Segment Open

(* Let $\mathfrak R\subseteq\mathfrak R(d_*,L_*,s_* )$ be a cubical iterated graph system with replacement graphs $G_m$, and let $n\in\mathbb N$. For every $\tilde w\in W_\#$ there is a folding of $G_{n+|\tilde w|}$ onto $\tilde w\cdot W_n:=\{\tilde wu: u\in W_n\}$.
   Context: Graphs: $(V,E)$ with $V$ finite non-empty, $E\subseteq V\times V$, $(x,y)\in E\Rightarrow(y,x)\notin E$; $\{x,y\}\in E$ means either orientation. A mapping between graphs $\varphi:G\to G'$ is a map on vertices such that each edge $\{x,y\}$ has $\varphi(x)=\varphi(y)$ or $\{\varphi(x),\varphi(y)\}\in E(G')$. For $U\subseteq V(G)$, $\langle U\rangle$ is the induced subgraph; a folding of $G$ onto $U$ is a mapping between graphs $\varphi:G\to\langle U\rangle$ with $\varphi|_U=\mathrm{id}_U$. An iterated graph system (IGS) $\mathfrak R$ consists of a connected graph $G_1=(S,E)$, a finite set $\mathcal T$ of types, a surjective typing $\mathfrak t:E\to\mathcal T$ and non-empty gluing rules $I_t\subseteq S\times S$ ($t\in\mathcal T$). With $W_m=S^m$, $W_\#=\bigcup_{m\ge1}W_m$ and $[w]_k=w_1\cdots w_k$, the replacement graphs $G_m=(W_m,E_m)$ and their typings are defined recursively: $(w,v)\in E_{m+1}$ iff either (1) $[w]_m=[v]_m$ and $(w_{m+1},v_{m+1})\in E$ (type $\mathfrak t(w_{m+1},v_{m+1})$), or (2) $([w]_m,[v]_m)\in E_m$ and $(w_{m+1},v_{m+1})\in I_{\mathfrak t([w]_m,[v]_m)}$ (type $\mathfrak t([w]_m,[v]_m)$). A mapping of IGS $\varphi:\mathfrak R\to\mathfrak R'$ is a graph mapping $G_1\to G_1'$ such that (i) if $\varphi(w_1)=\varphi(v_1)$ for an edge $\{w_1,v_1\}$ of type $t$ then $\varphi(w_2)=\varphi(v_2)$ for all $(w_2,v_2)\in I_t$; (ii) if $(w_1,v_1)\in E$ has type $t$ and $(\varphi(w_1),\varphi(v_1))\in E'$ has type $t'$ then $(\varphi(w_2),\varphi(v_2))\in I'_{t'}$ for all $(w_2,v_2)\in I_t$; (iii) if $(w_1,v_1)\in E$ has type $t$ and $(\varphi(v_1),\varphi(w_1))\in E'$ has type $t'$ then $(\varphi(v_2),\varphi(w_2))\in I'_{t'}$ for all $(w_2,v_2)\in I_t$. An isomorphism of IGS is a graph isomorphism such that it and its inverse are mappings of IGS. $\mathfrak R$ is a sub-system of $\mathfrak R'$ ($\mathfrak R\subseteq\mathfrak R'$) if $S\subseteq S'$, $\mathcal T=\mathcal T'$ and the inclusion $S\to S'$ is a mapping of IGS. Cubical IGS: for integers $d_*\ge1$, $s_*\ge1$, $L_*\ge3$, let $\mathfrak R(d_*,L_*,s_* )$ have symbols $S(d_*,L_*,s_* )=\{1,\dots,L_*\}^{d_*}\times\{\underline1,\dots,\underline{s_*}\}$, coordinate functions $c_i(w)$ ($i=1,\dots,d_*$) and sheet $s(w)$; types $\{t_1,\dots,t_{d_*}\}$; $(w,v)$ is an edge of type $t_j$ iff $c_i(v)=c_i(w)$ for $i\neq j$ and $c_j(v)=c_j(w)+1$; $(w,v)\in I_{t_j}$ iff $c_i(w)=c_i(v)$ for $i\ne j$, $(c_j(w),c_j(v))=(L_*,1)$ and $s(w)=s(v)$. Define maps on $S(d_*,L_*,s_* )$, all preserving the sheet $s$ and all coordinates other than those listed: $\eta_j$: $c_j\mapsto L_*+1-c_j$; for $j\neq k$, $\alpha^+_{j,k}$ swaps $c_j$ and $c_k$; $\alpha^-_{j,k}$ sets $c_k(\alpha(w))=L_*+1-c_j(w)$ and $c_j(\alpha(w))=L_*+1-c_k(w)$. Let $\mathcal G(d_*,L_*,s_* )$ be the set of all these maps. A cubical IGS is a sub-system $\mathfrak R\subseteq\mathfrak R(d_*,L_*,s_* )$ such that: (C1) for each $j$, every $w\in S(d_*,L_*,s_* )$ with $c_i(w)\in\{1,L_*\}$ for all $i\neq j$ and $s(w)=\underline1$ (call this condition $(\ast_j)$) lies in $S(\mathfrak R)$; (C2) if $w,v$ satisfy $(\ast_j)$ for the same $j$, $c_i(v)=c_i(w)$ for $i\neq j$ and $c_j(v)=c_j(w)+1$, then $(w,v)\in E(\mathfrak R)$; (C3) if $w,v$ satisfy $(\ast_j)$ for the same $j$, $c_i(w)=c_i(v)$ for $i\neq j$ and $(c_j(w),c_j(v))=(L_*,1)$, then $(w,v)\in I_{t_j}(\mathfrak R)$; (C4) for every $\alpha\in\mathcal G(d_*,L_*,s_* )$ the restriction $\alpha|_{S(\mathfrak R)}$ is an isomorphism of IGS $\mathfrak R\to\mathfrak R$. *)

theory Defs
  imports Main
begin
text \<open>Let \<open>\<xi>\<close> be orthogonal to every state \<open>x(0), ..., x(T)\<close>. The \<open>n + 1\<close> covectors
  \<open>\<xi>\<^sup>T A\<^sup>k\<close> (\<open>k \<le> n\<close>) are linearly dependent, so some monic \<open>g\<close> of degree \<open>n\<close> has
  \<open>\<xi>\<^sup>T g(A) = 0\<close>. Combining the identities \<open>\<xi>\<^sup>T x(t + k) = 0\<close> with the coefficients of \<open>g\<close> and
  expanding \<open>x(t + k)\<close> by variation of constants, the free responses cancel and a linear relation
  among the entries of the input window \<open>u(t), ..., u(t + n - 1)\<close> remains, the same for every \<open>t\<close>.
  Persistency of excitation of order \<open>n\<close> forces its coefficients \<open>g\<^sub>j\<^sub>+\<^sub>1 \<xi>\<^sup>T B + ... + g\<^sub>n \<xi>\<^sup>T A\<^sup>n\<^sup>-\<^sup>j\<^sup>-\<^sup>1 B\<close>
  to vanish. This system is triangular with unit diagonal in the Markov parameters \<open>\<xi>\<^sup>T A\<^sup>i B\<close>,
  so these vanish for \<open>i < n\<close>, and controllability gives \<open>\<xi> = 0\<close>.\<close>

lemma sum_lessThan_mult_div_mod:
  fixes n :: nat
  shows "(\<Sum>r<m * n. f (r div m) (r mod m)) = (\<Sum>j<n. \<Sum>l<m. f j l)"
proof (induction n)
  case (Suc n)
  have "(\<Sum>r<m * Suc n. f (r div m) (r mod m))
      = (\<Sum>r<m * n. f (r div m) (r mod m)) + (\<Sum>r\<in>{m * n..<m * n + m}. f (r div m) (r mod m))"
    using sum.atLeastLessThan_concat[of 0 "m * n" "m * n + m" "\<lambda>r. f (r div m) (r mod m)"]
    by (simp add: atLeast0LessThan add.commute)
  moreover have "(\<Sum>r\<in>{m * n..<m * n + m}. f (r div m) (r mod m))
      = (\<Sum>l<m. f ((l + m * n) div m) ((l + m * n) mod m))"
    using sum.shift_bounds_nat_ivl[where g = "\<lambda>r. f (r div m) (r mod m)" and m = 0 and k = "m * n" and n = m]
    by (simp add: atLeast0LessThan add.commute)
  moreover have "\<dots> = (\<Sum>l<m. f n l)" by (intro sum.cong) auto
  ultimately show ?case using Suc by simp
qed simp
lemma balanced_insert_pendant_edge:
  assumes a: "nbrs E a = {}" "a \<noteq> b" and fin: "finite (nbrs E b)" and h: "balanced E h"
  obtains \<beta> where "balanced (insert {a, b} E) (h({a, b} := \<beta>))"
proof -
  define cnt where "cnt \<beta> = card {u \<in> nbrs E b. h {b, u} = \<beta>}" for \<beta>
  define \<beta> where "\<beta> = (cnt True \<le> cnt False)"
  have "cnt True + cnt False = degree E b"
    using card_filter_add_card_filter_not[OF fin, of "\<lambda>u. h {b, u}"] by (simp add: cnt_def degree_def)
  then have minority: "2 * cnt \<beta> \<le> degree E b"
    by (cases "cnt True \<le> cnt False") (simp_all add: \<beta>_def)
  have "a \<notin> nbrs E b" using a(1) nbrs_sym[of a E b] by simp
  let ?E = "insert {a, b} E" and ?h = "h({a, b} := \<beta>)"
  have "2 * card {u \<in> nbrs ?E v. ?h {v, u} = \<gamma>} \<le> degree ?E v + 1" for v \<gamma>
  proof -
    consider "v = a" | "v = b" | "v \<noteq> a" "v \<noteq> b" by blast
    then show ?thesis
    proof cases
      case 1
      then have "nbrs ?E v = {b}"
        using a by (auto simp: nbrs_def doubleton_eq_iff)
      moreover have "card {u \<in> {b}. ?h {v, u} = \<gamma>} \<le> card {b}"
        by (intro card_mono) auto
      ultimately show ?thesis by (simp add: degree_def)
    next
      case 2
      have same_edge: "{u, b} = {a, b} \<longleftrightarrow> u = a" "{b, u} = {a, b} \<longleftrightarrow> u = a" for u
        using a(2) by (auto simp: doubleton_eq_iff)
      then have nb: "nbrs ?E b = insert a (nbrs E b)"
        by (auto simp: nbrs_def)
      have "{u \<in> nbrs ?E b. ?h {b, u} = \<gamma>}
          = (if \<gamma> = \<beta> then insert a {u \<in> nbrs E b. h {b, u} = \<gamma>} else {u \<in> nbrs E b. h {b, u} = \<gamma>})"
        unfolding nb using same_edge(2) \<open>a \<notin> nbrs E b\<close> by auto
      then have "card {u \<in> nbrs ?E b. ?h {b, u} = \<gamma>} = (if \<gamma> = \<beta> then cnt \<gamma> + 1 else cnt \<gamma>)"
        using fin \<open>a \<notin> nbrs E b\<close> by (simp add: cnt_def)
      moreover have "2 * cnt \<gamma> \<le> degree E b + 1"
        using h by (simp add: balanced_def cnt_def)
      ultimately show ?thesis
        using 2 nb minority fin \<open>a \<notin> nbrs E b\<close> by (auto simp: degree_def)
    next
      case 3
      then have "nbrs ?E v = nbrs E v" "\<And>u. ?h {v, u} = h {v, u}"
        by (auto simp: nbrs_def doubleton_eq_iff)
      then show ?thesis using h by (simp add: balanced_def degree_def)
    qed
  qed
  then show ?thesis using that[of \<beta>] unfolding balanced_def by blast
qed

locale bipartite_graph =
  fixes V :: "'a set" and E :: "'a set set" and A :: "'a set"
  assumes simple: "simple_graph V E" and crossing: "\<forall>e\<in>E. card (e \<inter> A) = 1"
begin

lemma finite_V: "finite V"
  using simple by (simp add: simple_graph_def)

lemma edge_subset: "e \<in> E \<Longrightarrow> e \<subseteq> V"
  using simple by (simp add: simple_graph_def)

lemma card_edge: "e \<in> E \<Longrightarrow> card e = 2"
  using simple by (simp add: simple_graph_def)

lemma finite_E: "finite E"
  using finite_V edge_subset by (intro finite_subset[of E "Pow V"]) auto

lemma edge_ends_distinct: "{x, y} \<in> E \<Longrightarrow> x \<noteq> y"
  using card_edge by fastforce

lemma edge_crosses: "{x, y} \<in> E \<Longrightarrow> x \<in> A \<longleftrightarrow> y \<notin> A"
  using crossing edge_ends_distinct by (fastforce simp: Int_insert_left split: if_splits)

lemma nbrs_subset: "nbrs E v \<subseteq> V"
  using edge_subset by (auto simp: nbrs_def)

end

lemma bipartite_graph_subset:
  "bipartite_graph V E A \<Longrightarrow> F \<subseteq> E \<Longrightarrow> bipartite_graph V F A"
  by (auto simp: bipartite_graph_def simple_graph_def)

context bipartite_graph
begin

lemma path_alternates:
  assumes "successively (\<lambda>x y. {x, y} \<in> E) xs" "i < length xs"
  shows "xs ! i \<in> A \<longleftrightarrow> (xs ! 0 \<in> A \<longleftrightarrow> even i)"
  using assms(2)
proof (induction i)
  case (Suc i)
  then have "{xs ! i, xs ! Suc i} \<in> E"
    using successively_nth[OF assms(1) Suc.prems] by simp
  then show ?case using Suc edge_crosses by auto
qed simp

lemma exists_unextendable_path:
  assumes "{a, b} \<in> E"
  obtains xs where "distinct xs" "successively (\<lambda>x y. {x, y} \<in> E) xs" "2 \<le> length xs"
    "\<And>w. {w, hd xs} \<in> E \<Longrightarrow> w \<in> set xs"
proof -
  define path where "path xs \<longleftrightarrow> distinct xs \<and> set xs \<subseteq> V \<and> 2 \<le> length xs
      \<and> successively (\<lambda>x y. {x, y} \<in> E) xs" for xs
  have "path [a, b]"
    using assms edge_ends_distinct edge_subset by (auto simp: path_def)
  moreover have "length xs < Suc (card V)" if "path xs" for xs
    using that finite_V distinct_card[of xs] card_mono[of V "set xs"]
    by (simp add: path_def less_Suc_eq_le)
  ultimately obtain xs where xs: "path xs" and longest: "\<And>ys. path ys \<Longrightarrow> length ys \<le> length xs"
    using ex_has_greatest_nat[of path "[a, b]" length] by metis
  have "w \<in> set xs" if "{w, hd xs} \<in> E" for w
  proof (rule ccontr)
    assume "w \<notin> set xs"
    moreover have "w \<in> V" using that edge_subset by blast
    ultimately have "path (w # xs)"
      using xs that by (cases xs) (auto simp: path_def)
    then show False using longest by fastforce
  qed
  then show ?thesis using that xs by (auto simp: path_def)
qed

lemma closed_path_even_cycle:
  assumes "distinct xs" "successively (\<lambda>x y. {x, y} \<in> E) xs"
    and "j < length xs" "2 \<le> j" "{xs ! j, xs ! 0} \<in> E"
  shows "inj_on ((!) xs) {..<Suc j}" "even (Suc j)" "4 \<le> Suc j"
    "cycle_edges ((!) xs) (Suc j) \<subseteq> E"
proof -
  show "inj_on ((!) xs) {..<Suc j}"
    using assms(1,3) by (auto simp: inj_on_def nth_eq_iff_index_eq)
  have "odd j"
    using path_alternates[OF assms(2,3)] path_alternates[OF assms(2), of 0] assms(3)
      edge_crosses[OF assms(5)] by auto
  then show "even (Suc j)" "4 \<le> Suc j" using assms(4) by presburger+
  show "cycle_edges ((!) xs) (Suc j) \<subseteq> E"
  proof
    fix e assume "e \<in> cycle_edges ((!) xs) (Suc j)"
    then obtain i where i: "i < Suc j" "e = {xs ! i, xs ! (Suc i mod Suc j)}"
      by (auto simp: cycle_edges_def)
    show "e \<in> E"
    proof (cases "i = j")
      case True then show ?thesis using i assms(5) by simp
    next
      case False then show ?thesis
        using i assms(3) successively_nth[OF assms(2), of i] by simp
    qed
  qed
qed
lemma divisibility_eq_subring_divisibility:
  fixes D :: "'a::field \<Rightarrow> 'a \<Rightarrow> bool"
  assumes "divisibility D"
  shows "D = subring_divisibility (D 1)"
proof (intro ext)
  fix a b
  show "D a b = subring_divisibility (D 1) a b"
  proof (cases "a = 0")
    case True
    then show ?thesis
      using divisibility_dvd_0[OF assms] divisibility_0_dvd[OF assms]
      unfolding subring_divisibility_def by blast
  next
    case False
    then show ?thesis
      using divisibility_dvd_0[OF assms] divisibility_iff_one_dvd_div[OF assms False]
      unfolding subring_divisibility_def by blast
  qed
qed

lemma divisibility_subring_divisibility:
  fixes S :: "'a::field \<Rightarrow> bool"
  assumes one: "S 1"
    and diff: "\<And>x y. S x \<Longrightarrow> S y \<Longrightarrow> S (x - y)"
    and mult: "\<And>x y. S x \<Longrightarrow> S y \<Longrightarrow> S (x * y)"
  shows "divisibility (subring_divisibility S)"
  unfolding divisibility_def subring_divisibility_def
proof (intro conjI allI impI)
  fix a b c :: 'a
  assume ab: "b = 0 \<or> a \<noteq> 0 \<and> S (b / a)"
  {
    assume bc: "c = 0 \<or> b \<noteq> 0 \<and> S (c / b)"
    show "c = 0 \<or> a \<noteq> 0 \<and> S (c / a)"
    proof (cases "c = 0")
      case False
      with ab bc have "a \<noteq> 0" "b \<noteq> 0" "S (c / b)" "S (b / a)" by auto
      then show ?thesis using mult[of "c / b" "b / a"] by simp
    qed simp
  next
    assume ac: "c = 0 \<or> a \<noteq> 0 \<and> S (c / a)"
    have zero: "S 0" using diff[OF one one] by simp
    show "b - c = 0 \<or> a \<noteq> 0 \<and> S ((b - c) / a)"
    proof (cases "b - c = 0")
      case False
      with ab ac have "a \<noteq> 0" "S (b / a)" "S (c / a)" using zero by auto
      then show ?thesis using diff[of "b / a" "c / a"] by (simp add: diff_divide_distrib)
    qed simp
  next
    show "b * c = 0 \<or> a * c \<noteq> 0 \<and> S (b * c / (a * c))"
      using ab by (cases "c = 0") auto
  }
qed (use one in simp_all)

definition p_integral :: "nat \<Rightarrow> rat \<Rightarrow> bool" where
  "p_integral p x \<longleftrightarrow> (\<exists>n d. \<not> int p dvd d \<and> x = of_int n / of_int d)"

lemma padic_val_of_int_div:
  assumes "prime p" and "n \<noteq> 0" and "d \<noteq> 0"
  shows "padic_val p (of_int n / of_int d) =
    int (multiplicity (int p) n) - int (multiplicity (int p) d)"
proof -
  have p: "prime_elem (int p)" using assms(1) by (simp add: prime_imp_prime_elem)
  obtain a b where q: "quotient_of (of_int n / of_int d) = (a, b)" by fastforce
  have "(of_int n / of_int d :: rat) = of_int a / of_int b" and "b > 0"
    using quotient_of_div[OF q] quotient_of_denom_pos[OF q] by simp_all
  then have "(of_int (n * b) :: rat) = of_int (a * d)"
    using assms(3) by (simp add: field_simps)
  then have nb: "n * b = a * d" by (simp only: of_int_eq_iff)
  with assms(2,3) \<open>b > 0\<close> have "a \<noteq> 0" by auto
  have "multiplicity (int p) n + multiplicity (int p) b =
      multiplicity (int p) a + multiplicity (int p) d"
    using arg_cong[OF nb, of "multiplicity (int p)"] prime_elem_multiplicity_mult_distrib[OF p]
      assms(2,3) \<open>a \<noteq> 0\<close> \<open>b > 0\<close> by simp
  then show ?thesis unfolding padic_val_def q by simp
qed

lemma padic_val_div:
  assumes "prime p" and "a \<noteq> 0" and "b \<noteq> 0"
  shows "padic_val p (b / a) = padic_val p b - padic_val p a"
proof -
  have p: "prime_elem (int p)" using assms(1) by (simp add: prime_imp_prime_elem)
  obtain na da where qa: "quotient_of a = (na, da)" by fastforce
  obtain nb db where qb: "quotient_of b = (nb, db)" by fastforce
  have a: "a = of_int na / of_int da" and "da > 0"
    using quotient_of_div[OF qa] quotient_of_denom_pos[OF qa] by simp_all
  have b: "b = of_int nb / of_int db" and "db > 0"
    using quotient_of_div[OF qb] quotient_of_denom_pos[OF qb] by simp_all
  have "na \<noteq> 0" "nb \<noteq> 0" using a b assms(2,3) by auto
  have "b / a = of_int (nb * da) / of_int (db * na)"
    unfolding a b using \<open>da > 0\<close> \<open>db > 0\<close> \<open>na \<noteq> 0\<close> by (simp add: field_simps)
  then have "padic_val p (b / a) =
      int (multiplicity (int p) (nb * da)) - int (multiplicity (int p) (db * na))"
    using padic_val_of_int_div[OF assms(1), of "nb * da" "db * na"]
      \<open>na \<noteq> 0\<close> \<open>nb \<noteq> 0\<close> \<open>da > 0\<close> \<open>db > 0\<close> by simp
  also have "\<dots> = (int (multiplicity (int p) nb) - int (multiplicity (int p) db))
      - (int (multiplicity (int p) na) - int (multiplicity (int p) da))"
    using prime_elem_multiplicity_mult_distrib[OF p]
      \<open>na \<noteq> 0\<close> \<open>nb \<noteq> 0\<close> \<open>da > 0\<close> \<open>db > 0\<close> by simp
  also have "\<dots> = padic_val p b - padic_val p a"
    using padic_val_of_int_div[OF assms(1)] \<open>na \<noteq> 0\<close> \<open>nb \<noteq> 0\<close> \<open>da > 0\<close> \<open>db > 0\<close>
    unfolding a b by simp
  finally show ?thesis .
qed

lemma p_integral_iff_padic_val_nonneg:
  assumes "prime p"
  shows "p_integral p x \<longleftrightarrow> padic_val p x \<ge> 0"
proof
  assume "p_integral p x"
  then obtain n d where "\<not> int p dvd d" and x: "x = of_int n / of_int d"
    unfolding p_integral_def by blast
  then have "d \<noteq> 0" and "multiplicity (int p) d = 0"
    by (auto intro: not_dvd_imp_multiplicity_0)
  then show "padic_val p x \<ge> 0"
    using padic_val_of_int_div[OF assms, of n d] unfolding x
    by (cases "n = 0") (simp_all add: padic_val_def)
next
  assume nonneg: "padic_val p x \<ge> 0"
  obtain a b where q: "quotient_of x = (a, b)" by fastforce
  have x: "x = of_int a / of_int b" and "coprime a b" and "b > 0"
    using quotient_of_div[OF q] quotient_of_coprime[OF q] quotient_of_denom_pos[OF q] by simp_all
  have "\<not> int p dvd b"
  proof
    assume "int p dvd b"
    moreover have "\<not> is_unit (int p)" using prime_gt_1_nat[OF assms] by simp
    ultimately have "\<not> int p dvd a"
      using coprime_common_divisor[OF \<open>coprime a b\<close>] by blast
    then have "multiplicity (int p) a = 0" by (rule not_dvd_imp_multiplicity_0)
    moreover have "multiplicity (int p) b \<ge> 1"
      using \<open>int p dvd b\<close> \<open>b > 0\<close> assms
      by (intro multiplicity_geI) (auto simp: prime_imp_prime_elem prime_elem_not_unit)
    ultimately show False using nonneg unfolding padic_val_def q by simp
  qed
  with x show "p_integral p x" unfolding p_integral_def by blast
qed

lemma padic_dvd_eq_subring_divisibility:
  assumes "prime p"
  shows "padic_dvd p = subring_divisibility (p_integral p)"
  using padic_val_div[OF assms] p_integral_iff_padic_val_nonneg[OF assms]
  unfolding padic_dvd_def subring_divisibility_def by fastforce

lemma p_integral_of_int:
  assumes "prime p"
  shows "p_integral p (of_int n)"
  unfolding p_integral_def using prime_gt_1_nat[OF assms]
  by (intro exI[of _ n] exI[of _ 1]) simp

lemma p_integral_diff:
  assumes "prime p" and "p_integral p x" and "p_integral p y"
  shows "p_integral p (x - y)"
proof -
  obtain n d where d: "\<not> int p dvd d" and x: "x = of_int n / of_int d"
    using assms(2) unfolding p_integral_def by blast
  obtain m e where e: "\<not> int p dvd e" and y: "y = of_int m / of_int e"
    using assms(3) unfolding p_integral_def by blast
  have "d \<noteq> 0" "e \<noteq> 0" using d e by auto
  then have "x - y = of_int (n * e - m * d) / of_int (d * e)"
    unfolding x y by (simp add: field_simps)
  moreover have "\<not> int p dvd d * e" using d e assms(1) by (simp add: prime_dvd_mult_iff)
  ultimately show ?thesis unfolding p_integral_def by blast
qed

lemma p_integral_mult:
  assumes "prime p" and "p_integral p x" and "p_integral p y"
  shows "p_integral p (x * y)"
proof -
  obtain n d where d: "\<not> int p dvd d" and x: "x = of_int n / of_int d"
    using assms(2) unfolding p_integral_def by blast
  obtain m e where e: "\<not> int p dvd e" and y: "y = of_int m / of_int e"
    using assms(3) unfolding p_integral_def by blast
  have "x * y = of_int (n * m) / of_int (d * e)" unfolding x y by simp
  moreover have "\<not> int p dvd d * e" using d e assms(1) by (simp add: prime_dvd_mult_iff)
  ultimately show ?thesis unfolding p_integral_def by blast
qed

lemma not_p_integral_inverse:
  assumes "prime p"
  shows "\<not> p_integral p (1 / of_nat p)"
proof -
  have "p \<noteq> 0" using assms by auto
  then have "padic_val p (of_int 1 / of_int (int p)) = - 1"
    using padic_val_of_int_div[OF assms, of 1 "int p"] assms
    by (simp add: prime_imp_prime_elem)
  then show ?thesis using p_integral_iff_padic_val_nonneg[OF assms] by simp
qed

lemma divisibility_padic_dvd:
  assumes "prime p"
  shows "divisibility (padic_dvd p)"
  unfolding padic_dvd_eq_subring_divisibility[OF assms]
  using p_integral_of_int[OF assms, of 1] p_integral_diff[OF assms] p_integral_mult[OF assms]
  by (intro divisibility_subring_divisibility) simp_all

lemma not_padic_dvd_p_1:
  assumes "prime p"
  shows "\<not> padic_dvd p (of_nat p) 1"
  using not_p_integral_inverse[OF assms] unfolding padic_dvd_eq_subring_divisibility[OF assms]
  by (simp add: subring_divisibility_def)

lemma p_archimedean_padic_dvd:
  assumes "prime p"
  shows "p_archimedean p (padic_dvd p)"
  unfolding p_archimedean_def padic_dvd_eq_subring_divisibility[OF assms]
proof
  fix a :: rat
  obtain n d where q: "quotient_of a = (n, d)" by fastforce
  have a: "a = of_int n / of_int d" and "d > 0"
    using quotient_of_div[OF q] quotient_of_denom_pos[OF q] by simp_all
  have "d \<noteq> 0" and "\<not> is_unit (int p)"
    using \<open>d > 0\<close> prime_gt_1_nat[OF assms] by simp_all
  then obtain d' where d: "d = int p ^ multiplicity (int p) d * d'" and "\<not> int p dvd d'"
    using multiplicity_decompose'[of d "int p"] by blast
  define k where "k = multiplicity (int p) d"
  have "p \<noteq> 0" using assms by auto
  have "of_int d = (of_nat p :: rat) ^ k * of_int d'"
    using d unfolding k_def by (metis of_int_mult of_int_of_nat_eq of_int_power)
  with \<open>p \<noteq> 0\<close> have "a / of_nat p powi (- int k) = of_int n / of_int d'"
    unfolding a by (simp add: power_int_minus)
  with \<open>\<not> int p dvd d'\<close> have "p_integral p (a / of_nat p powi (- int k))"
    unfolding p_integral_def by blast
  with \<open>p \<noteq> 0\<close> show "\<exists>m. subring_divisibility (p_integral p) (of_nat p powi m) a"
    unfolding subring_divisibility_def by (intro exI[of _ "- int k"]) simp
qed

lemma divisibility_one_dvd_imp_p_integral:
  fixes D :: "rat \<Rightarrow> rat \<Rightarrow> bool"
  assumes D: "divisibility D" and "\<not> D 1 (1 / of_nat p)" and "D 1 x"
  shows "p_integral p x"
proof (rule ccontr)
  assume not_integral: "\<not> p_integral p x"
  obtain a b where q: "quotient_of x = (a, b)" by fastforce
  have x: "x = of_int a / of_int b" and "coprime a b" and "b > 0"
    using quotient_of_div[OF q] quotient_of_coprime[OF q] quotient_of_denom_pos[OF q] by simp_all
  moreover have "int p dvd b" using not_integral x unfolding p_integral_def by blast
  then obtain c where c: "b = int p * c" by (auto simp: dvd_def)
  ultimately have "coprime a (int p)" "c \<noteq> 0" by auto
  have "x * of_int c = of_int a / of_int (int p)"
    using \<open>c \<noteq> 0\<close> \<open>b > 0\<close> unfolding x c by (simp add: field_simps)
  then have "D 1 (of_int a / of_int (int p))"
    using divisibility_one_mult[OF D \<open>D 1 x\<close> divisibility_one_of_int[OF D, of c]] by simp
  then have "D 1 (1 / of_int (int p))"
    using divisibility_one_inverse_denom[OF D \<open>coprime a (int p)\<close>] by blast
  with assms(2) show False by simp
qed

Segment Closed

_TASK TO COMPLETE_: Report every line of the preceding listing where the string "length" occurs.

_EXPECTED ANSWER_:
  assumes "successively (\<lambda>x y. {x, y} \<in> E) xs" "i < length xs"
  obtains xs where "distinct xs" "successively (\<lambda>x y. {x, y} \<in> E) xs" "2 \<le> length xs"
  define path where "path xs \<longleftrightarrow> distinct xs \<and> set xs \<subseteq> V \<and> 2 \<le> length xs
  moreover have "length xs < Suc (card V)" if "path xs" for xs
  ultimately obtain xs where xs: "path xs" and longest: "\<And>ys. path ys \<Longrightarrow> length ys \<le> length xs"
    using ex_has_greatest_nat[of path "[a, b]" length] by metis
    and "j < length xs" "2 \<le> j" "{xs ! j, xs ! 0} \<in> E"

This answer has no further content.